### The problem
Look through the records below and copy each line that includes the word "widehat".

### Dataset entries

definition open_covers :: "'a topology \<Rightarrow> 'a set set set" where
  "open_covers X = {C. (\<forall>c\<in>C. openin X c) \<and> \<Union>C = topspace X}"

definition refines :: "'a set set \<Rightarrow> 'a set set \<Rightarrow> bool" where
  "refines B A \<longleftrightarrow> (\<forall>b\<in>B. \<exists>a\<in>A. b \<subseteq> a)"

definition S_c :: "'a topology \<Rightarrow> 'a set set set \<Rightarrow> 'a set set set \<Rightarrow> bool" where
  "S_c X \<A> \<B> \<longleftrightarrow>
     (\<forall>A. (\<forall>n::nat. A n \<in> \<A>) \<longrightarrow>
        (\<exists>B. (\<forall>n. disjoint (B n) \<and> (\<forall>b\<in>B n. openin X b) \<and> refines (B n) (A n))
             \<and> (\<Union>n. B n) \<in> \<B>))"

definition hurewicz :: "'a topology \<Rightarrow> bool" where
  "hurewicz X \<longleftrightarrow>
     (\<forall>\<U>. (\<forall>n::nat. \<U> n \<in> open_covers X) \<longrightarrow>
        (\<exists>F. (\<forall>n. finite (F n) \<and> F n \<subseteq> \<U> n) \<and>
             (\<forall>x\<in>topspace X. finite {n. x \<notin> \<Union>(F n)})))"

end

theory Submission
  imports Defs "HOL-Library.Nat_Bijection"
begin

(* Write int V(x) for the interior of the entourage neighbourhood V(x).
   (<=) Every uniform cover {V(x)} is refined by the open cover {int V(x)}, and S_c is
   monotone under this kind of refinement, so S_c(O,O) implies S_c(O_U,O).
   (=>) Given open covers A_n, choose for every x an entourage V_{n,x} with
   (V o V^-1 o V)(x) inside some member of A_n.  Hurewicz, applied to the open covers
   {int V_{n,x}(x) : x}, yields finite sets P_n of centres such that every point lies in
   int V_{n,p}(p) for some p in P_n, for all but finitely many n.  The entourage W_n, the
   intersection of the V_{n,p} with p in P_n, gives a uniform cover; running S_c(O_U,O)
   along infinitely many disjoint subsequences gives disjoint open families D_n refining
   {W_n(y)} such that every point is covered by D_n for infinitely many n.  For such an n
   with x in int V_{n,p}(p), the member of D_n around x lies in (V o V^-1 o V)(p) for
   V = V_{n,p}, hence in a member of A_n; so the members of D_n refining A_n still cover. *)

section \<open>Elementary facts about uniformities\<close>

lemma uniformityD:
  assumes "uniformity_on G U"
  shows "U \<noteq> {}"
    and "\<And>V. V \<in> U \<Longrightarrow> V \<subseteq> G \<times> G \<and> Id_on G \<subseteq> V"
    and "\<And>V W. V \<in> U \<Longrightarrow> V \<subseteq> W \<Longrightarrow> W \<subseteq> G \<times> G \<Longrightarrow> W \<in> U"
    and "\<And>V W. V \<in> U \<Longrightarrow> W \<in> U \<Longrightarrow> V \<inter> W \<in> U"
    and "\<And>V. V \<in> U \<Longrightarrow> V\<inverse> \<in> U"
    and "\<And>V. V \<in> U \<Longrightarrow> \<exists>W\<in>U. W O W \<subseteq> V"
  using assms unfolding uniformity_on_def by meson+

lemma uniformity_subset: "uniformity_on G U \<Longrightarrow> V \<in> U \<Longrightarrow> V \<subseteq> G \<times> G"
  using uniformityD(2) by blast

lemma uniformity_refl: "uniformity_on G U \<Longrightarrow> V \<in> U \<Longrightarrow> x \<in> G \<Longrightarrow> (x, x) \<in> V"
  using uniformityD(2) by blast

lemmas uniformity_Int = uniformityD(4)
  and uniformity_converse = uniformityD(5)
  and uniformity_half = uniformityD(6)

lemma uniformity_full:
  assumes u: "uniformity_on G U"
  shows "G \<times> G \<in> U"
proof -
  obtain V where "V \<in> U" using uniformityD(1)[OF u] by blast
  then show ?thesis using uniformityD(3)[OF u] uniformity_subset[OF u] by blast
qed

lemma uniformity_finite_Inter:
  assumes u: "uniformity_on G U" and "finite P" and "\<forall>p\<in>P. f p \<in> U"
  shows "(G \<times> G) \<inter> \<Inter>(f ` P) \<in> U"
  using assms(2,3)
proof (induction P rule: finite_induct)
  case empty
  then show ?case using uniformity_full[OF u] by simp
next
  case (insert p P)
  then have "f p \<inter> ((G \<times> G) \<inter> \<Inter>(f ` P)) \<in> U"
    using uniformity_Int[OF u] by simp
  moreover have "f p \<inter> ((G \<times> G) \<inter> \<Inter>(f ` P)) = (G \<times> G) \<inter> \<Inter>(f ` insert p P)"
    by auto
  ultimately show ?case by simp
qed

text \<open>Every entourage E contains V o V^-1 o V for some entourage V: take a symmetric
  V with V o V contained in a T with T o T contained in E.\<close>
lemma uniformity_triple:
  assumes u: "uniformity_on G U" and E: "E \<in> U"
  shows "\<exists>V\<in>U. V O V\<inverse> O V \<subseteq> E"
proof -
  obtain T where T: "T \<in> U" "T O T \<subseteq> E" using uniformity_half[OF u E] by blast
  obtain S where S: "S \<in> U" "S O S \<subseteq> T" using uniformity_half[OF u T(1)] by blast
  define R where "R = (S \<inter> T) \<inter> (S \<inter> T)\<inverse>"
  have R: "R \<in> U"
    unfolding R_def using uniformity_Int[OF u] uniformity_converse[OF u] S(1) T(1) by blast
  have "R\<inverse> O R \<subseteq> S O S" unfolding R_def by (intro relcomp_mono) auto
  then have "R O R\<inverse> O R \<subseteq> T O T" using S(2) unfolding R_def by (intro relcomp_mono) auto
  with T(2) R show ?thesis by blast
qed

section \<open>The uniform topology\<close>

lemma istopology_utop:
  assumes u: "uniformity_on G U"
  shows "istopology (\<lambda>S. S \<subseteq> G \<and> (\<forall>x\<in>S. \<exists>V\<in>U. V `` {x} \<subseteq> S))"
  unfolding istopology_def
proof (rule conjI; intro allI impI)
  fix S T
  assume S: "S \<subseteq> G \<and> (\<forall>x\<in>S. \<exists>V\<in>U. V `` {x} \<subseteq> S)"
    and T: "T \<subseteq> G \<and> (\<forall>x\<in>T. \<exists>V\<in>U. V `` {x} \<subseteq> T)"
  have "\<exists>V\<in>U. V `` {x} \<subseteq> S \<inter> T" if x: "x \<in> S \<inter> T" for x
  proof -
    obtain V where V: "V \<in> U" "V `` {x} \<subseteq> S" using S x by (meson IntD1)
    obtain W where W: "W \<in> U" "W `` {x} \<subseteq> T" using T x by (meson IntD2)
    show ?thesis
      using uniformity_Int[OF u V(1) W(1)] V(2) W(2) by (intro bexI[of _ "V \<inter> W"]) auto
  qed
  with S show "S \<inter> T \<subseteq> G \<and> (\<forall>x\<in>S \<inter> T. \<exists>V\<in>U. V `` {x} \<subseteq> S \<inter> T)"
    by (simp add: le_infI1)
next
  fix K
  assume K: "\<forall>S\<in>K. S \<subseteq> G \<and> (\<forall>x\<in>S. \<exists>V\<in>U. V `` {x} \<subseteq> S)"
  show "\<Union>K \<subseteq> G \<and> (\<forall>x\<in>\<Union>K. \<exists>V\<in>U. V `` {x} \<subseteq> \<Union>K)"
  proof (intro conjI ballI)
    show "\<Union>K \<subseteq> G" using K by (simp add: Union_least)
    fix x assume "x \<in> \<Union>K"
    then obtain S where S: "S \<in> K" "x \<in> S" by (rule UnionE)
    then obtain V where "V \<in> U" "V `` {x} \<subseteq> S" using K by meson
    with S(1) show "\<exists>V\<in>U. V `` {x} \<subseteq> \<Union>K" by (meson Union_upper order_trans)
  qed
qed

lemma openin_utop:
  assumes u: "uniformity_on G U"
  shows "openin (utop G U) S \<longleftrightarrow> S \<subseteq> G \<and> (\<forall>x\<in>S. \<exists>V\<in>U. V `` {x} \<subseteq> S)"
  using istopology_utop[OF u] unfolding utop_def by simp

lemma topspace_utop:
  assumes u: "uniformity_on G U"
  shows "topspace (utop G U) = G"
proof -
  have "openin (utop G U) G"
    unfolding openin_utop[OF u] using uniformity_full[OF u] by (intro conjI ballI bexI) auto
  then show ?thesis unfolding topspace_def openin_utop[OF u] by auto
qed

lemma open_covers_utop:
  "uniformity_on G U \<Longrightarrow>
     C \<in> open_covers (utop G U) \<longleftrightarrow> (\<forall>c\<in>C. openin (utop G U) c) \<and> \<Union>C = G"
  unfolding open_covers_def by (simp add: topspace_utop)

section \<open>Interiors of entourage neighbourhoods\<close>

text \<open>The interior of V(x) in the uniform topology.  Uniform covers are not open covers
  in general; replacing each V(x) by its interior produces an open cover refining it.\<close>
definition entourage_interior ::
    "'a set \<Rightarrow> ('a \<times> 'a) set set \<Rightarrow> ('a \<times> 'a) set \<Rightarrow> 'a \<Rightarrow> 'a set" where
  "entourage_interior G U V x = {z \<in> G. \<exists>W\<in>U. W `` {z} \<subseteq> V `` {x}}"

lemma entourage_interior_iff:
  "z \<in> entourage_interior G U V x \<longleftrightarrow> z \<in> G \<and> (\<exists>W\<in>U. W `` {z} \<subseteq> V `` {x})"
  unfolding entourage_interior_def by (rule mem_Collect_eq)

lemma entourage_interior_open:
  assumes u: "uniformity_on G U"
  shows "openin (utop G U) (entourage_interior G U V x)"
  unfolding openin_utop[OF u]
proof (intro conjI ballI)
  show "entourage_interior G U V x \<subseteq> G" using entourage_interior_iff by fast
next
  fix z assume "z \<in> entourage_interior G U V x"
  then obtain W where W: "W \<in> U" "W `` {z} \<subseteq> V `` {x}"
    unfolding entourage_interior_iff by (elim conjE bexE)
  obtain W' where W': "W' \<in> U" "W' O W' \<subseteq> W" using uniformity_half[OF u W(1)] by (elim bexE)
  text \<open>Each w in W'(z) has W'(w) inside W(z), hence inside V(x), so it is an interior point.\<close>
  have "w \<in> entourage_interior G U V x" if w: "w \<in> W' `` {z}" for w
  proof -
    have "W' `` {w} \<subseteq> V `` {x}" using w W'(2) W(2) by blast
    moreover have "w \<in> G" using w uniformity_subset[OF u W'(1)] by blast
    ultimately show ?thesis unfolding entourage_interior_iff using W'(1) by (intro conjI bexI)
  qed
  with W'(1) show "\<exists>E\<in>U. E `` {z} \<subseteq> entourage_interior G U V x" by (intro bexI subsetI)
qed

...

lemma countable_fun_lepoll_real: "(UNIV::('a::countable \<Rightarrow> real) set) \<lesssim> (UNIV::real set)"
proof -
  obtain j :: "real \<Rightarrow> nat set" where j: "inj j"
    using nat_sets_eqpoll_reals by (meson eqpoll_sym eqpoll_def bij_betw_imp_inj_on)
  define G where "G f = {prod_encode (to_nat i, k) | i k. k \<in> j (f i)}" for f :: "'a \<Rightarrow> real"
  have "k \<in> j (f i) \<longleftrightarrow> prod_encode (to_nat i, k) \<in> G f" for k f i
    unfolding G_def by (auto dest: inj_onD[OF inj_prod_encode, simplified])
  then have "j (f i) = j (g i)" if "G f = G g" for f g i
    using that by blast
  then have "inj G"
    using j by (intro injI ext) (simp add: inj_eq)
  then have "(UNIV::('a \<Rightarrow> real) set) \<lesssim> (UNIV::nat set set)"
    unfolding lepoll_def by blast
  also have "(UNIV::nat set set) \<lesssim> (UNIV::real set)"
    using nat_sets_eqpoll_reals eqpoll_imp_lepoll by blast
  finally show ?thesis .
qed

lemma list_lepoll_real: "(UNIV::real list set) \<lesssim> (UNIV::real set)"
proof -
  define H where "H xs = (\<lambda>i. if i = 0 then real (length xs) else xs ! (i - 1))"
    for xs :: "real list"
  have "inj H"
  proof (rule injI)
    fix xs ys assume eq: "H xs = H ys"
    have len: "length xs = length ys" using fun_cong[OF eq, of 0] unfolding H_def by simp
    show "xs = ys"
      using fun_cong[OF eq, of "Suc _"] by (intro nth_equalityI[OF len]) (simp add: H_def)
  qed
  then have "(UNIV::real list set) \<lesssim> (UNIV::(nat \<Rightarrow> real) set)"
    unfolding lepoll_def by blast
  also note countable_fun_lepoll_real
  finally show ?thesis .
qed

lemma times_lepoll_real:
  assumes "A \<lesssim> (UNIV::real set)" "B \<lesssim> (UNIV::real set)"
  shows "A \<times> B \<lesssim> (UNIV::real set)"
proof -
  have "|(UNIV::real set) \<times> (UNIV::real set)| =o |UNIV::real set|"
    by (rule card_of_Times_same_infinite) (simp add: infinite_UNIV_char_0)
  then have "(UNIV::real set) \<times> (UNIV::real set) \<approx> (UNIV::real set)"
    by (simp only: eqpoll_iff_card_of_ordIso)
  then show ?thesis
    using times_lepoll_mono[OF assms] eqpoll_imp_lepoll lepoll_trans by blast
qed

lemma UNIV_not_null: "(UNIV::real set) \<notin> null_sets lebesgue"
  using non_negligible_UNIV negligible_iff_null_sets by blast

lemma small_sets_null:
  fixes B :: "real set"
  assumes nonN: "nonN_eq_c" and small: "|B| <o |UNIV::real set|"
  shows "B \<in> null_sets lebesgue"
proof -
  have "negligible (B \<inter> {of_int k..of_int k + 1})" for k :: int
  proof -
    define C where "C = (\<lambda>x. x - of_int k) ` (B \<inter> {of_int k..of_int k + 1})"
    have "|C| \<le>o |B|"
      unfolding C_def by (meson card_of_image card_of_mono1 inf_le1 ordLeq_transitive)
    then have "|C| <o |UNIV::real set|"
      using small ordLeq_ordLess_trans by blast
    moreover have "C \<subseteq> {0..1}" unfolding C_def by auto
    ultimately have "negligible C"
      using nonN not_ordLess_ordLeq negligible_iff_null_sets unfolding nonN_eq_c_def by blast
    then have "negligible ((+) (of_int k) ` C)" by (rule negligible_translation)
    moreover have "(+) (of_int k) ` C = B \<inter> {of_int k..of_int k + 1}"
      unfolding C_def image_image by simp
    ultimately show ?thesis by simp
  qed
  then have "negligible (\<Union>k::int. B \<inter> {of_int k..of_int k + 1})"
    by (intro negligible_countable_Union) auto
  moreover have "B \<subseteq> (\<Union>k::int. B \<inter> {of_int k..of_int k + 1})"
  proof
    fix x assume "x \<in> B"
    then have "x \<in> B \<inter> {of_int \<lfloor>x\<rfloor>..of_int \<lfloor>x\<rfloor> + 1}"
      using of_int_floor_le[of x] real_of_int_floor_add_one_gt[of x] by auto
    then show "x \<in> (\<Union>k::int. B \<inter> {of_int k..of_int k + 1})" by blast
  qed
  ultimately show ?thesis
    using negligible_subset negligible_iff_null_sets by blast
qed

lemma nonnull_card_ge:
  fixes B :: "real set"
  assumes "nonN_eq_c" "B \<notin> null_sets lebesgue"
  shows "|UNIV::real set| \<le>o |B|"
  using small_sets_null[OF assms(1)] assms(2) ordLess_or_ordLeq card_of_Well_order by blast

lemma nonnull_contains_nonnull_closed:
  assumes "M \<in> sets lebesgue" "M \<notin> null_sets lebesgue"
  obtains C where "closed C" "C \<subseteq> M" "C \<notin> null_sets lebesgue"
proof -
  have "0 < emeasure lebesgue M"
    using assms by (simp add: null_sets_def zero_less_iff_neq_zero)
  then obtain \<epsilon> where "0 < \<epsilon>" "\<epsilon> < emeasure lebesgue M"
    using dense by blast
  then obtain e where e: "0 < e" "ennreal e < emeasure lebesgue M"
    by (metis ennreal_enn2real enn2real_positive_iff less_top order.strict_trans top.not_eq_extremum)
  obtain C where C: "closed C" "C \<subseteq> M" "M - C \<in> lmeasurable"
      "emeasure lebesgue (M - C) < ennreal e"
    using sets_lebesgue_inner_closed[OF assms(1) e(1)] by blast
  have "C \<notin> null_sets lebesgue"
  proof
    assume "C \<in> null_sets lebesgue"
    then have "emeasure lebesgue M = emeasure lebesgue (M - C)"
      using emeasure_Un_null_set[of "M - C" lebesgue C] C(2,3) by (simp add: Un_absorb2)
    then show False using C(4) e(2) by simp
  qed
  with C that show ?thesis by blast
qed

--

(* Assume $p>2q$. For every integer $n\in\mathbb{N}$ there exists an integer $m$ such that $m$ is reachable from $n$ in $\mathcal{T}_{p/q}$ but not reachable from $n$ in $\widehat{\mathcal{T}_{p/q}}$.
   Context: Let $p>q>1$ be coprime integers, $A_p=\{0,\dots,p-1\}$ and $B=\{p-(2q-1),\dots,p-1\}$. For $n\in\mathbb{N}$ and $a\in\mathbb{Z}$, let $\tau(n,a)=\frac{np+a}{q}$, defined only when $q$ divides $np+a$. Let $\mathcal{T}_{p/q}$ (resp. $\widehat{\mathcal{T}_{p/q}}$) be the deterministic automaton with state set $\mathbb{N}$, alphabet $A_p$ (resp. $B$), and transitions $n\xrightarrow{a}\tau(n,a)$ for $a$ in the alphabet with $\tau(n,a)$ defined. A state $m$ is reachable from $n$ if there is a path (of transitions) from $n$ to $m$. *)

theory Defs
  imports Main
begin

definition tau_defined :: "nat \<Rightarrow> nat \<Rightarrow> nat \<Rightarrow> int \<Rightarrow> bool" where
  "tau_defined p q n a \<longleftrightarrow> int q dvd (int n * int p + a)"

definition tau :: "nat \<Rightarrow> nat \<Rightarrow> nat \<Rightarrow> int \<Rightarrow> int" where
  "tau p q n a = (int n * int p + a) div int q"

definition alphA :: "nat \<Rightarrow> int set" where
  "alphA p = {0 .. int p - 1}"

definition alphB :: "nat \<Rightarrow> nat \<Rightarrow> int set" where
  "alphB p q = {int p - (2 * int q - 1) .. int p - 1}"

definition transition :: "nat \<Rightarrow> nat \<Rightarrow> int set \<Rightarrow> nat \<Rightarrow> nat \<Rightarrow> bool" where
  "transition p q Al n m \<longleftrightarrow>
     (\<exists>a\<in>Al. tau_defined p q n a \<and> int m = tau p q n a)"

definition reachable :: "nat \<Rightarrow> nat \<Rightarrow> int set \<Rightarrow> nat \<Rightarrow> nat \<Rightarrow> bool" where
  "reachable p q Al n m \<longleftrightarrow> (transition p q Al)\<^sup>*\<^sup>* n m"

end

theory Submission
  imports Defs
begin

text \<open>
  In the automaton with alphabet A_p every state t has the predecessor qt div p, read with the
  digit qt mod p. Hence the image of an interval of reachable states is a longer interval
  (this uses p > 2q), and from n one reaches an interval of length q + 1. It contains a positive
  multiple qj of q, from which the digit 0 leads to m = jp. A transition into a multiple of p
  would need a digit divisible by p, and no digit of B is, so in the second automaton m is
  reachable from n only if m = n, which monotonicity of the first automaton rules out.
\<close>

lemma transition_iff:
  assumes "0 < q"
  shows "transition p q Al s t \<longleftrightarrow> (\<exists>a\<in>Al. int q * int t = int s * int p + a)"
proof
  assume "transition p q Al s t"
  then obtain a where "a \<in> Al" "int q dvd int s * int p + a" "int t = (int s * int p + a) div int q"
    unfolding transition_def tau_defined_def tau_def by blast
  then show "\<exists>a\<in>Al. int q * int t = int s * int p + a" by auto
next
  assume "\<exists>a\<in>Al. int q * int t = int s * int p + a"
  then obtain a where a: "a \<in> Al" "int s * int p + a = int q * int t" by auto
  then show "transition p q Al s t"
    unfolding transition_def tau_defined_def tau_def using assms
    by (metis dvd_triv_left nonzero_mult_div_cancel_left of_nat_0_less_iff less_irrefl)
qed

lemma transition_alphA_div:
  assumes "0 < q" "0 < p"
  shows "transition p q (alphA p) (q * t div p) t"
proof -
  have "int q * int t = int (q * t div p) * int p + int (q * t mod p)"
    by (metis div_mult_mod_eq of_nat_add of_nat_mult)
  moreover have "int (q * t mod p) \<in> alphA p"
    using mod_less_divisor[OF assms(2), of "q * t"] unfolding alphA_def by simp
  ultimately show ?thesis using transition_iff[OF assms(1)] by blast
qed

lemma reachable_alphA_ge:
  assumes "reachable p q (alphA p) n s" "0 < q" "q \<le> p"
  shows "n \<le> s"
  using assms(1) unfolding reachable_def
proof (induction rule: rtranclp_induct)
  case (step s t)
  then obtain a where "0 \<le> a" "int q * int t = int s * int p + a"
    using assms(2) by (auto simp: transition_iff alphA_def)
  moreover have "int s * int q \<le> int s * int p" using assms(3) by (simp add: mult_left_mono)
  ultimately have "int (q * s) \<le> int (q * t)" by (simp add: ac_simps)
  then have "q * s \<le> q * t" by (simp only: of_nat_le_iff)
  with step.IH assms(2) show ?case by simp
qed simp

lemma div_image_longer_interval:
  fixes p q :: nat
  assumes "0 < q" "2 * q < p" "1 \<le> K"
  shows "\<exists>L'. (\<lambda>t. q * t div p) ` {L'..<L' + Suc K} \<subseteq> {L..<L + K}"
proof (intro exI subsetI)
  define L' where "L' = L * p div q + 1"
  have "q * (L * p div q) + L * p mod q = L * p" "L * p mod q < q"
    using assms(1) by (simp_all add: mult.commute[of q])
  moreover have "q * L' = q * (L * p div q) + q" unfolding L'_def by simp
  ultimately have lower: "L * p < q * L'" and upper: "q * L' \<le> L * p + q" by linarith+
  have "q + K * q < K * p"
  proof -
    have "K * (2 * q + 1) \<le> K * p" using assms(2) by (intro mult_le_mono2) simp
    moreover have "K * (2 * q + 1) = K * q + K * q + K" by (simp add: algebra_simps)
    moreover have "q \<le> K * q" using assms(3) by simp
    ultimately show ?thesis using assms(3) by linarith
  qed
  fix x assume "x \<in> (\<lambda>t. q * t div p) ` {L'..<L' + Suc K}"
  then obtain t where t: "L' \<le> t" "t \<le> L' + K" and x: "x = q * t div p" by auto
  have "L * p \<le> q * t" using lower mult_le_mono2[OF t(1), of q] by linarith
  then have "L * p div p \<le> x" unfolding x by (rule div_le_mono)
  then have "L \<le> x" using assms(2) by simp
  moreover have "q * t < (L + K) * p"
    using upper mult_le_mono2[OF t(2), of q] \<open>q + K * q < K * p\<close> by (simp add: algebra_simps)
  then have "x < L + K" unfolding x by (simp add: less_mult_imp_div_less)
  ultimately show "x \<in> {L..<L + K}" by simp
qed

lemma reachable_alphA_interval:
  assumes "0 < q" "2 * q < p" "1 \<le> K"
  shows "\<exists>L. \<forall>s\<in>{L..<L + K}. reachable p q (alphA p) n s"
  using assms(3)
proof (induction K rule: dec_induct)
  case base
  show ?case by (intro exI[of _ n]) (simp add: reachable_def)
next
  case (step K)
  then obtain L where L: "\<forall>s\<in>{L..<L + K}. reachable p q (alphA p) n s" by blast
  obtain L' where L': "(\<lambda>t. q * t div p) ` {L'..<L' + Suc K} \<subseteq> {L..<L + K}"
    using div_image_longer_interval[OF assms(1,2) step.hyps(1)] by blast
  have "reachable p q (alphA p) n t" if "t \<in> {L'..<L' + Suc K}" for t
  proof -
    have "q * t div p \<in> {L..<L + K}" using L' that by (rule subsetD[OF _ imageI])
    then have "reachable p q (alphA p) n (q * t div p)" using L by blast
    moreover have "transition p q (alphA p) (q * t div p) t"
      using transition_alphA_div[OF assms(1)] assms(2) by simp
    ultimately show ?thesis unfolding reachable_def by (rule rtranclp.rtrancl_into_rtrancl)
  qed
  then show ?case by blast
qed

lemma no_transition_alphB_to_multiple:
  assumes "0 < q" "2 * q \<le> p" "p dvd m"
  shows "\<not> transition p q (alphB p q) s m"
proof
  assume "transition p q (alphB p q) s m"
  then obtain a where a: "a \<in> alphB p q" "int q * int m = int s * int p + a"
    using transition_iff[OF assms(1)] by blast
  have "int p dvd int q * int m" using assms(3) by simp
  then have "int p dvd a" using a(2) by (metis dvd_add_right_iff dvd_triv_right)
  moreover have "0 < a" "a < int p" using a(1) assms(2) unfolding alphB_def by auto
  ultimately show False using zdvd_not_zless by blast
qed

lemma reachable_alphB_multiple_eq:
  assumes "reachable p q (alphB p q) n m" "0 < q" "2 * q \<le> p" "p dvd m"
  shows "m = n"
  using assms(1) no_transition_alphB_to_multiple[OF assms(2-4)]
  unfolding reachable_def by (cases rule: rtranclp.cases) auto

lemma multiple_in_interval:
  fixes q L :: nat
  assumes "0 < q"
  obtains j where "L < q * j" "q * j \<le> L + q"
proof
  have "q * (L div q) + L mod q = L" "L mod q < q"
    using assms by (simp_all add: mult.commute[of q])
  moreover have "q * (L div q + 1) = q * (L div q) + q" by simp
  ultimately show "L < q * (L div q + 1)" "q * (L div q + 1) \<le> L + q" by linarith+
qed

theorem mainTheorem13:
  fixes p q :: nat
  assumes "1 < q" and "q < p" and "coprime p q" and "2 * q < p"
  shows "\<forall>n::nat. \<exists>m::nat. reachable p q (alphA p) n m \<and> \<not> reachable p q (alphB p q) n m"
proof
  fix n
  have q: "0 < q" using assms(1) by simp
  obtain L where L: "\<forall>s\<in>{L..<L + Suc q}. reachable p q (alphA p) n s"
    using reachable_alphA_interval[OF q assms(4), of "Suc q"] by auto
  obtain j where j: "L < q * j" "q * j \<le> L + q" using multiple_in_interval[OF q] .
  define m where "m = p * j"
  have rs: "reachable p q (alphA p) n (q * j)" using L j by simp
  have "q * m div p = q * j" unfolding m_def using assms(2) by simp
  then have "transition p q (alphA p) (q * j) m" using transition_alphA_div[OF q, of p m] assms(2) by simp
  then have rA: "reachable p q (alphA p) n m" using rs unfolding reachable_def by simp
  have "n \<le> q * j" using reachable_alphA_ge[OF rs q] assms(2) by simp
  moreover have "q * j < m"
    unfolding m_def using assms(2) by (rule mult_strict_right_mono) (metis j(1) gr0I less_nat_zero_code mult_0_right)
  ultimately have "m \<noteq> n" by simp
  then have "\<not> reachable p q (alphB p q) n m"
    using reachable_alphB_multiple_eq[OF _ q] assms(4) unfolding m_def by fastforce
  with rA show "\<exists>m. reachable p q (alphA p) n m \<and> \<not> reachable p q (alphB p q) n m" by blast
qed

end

### Exercise answer
(* Assume $p>2q$. For every integer $n\in\mathbb{N}$ there exists an integer $m$ such that $m$ is reachable from $n$ in $\mathcal{T}_{p/q}$ but not reachable from $n$ in $\widehat{\mathcal{T}_{p/q}}$.
   Context: Let $p>q>1$ be coprime integers, $A_p=\{0,\dots,p-1\}$ and $B=\{p-(2q-1),\dots,p-1\}$. For $n\in\mathbb{N}$ and $a\in\mathbb{Z}$, let $\tau(n,a)=\frac{np+a}{q}$, defined only when $q$ divides $np+a$. Let $\mathcal{T}_{p/q}$ (resp. $\widehat{\mathcal{T}_{p/q}}$) be the deterministic automaton with state set $\mathbb{N}$, alphabet $A_p$ (resp. $B$), and transitions $n\xrightarrow{a}\tau(n,a)$ for $a$ in the alphabet with $\tau(n,a)$ defined. A state $m$ is reachable from $n$ if there is a path (of transitions) from $n$ to $m$. *)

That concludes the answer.